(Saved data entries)
section \<open>The height function of a triangulation\<close>

definition lifted_height :: "nat \<Rightarrow> (nat \<Rightarrow> real) \<Rightarrow> nat set \<Rightarrow> (nat \<Rightarrow> real) \<Rightarrow> real" where
  "lifted_height n t S l = (\<Sum>s\<in>S. l s * t s ^ (n + 1))"

lemma triangulation_simplex:
  assumes "triangulation m n t T" "S \<in> T"
  shows "S \<subseteq> {1..m}" "card S = n + 1"
  using assms unfolding triangulation_def by auto

lemma triangulation_covers:
  assumes "triangulation m n t T" "z \<in> conv_pts n t {1..m}"
  obtains S l where "S \<in> T" "bary n t S l z"
  using assms unfolding triangulation_def conv_pts_def by blast

lemma triangulation_bary_in_cover:
  assumes "triangulation m n t T" "S \<in> T" "bary n t S l z"
  shows "z \<in> conv_pts n t {1..m}"
  using assms unfolding triangulation_def conv_pts_def by blast

lemma triangulation_bary_meet:
  assumes "triangulation m n t T" "S \<in> T" "S' \<in> T" "bary n t S l z" "bary n t S' l' z"
  obtains l'' where "bary n t (S \<inter> S') l'' z"
proof -
  have "z \<in> conv_pts n t S \<inter> conv_pts n t S'"
    using assms(4,5) unfolding conv_pts_def by blast
  also have "\<dots> = conv_pts n t (S \<inter> S')"
    using assms(1-3) unfolding triangulation_def by blast
  finally show ?thesis
    using that unfolding conv_pts_def by blast
qed

lemma sigma_last_eq:
  assumes mono: "strict_mono_on {1..m} t" and T: "triangulation m n t T"
    and S: "S \<in> T" "bary n t S l z"
  shows "sigma_last n t T z = lifted_height n t S l"
proof -
  have inj: "inj_on t {1..m}"
    using mono by (rule strict_mono_on_imp_inj_on)
  have "lifted_height n t S' l' = lifted_height n t S l" if S': "S' \<in> T" "bary n t S' l' z" for S' l'
  proof -
    obtain l'' where meet: "bary n t (S \<inter> S') l'' z"
      using triangulation_bary_meet[OF T S(1) S'(1) S(2) S'(2)] .
    have "lifted_height n t X k = lifted_height n t (S \<inter> S') l''"
      if "X \<in> T" "S \<inter> S' \<subseteq> X" "bary n t X k z" for X k
      unfolding lifted_height_def
      using bary_sum_eq_on_subset[OF inj_on_subset[OF inj] _ _ that(3) meet]
        triangulation_simplex[OF T that(1)] that(2) by simp
    from this[of S l] this[of S' l'] show ?thesis
      using S S' by (metis Int_lower1 Int_lower2)
  qed
  then show ?thesis
    unfolding sigma_last_def lifted_height_def[symmetric] using S by (intro the_equality) blast+
qed

section \<open>Increasing flips\<close>

lemma card_Suc_subset_obtains_insert:
  assumes "finite U" "F \<subseteq> U" "card U = Suc (card F)"
  obtains a where "a \<notin> F" "U = insert a F"
proof -
  have "card (U - F) = 1"
    using assms by (simp add: card_Diff_subset finite_subset)
  then obtain a where "U - F = {a}"
    by (rule card_1_singletonE)
  then show ?thesis
    using that assms(2) by blast
qed

lemma lower_tri_obtains_insert:
  assumes "S \<in> lower_tri n U" "card U = n + 2"
  obtains a where "a \<notin> S" "U = insert a S" "even (card {f\<in>S. a < f})"
proof -
  have S: "S \<subseteq> U" "card S = n + 1"
    using assms(1) unfolding lower_tri_def by auto
  have "finite U"
    using assms(2) by (intro card_ge_0_finite) simp
  obtain a where "a \<notin> S" "U = insert a S"
    by (rule card_Suc_subset_obtains_insert[OF \<open>finite U\<close> S(1)]) (simp add: S(2) assms(2))
  with assms(1) show ?thesis
    using that unfolding lower_tri_def by blast
qed

lemma lower_tri_disjoint_upper_tri:
  assumes "card U = n + 2"
  shows "lower_tri n U \<inter> upper_tri n U = {}"
proof -
  have "False" if lower: "S \<in> lower_tri n U" and upper: "S \<in> upper_tri n U" for S
  proof -
    obtain a where "a \<notin> S" "U = insert a S" "even (card {f\<in>S. a < f})"
      using lower_tri_obtains_insert[OF lower assms] .
    then show False
      using upper unfolding upper_tri_def by auto
  qed
  then show ?thesis
    by blast
qed

lemma Diff_Max_in_lower_tri:
  assumes "card U = n + 2"
  shows "U - {Max U} \<in> lower_tri n U"
proof -
  have "finite U" "U \<noteq> {}"
    using assms by (auto intro: card_ge_0_finite)
  then have "Max U \<in> U"
    by simp
  have "even (card {f \<in> U - {Max U}. w < f})" if "w \<in> U - (U - {Max U})" for w
  proof -
    have "{f \<in> U - {Max U}. w < f} = {}"
      using that \<open>finite U\<close> by (auto simp: not_less)
    then show ?thesis
      by (simp only: card.empty even_zero)
  qed
  moreover have "card (U - {Max U}) = n + 1"
    using \<open>Max U \<in> U\<close> assms by simp
  ultimately show ?thesis
    unfolding lower_tri_def by blast
qed

lemma prod_diff_pos_if_even_above:
  fixes t :: "'a::linorder \<Rightarrow> 'b::linordered_idom"
  assumes mono: "strict_mono_on (insert a S) t" and "finite S" "a \<notin> S"
    and even: "even (card {f\<in>S. a < f})"
  shows "0 < (\<Prod>f\<in>S. t a - t f)"
proof -
  let ?below = "{f\<in>S. f < a}" and ?above = "{f\<in>S. a < f}"
  have t_less: "t f < t g" if "f \<in> insert a S" "g \<in> insert a S" "f < g" for f g
    using strict_mono_onD[OF mono that] .
  have below: "0 < (\<Prod>f\<in>?below. t a - t f)" and above: "0 < (\<Prod>f\<in>?above. t f - t a)"
    using t_less by (auto intro!: prod_pos)
  have "(\<Prod>f\<in>S. t a - t f) = (\<Prod>f\<in>?below. t a - t f) * (\<Prod>f\<in>?above. t a - t f)"
    using \<open>finite S\<close> \<open>a \<notin> S\<close>
    by (subst prod.union_disjoint[symmetric]) (auto intro!: prod.cong dest: not_less_iff_gr_or_eq[THEN iffD1])
  also have "(\<Prod>f\<in>?above. t a - t f) = (\<Prod>f\<in>?above. (-1) * (t f - t a))"
    by simp
  also have "\<dots> = (-1) ^ card ?above * (\<Prod>f\<in>?above. t f - t a)"
    by (subst prod.distrib) (simp only: prod_constant)
  also have "\<dots> = (\<Prod>f\<in>?above. t f - t a)"
    using even by simp
  finally show ?thesis
    using mult_pos_pos[OF below above] by (simp only:)
qed

lemma lifted_height_diff:
  assumes "a \<notin> S" "card S = n + 1" "S' \<subseteq> insert a S"
    and S: "bary n t S l z" and S': "bary n t S' l' z"
  shows "lifted_height n t S' l' - lifted_height n t S l
           = (if a \<in> S' then l' a else 0) * (\<Prod>f\<in>S. t a - t f)"
proof -
  let ?U = "insert a S"
  have "finite S" "finite ?U"
    using bary_finite[OF S] by simp_all
  define \<mu> where "\<mu> s = (if s \<in> S' then l' s else 0) - (if s \<in> S then l s else 0)" for s
  have moment: "(\<Sum>s\<in>?U. \<mu> s * t s ^ i) = (\<Sum>s\<in>S'. l' s * t s ^ i) - (\<Sum>s\<in>S. l s * t s ^ i)" for i
  proof -
    have "(\<Sum>s\<in>?U. \<mu> s * t s ^ i) = (\<Sum>s\<in>?U. (if s \<in> S' then l' s else 0) * t s ^ i)
        - (\<Sum>s\<in>?U. (if s \<in> S then l s else 0) * t s ^ i)"
      by (simp add: \<mu>_def left_diff_distrib sum_subtractf)
    then show ?thesis
      using sum_if_mem_mult[OF \<open>finite ?U\<close> \<open>S' \<subseteq> ?U\<close>, of l' "\<lambda>s. t s ^ i"]
        sum_if_mem_mult[OF \<open>finite ?U\<close> subset_insertI[of S a], of l "\<lambda>s. t s ^ i"] by simp
  qed
  have "\<mu> a * (\<Prod>f\<in>S. t a - t f) = (\<Sum>s\<in>?U. \<mu> s * (\<Prod>f\<in>S. t s - t f))"
  proof -
    have "(\<Sum>s\<in>S. \<mu> s * (\<Prod>f\<in>S. t s - t f)) = 0"
      using \<open>finite S\<close> by (intro sum.neutral) (auto intro!: prod_zero)
    then show ?thesis
      using \<open>finite S\<close> \<open>a \<notin> S\<close> by simp
  qed
  also have "\<dots> = (\<Sum>s\<in>?U. \<mu> s * t s ^ card S)"
    by (rule sum_prod_diff_eq_top_moment)
      (use \<open>finite S\<close> moment bary_moment[OF S] bary_moment[OF S'] \<open>card S = n + 1\<close> in auto)
  also have "\<dots> = lifted_height n t S' l' - lifted_height n t S l"
    unfolding moment lifted_height_def \<open>card S = n + 1\<close> ..
  finally show ?thesis
    using \<open>a \<notin> S\<close> by (simp add: \<mu>_def)
qed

• **Assignment**:
Would you copy out every line in the records that includes the string "mono"?

• **Exercise solution**:
  assumes mono: "strict_mono_on {1..m} t" and T: "triangulation m n t T"
    using mono by (rule strict_mono_on_imp_inj_on)
  assumes mono: "strict_mono_on (insert a S) t" and "finite S" "a \<notin> S"
    using strict_mono_onD[OF mono that] .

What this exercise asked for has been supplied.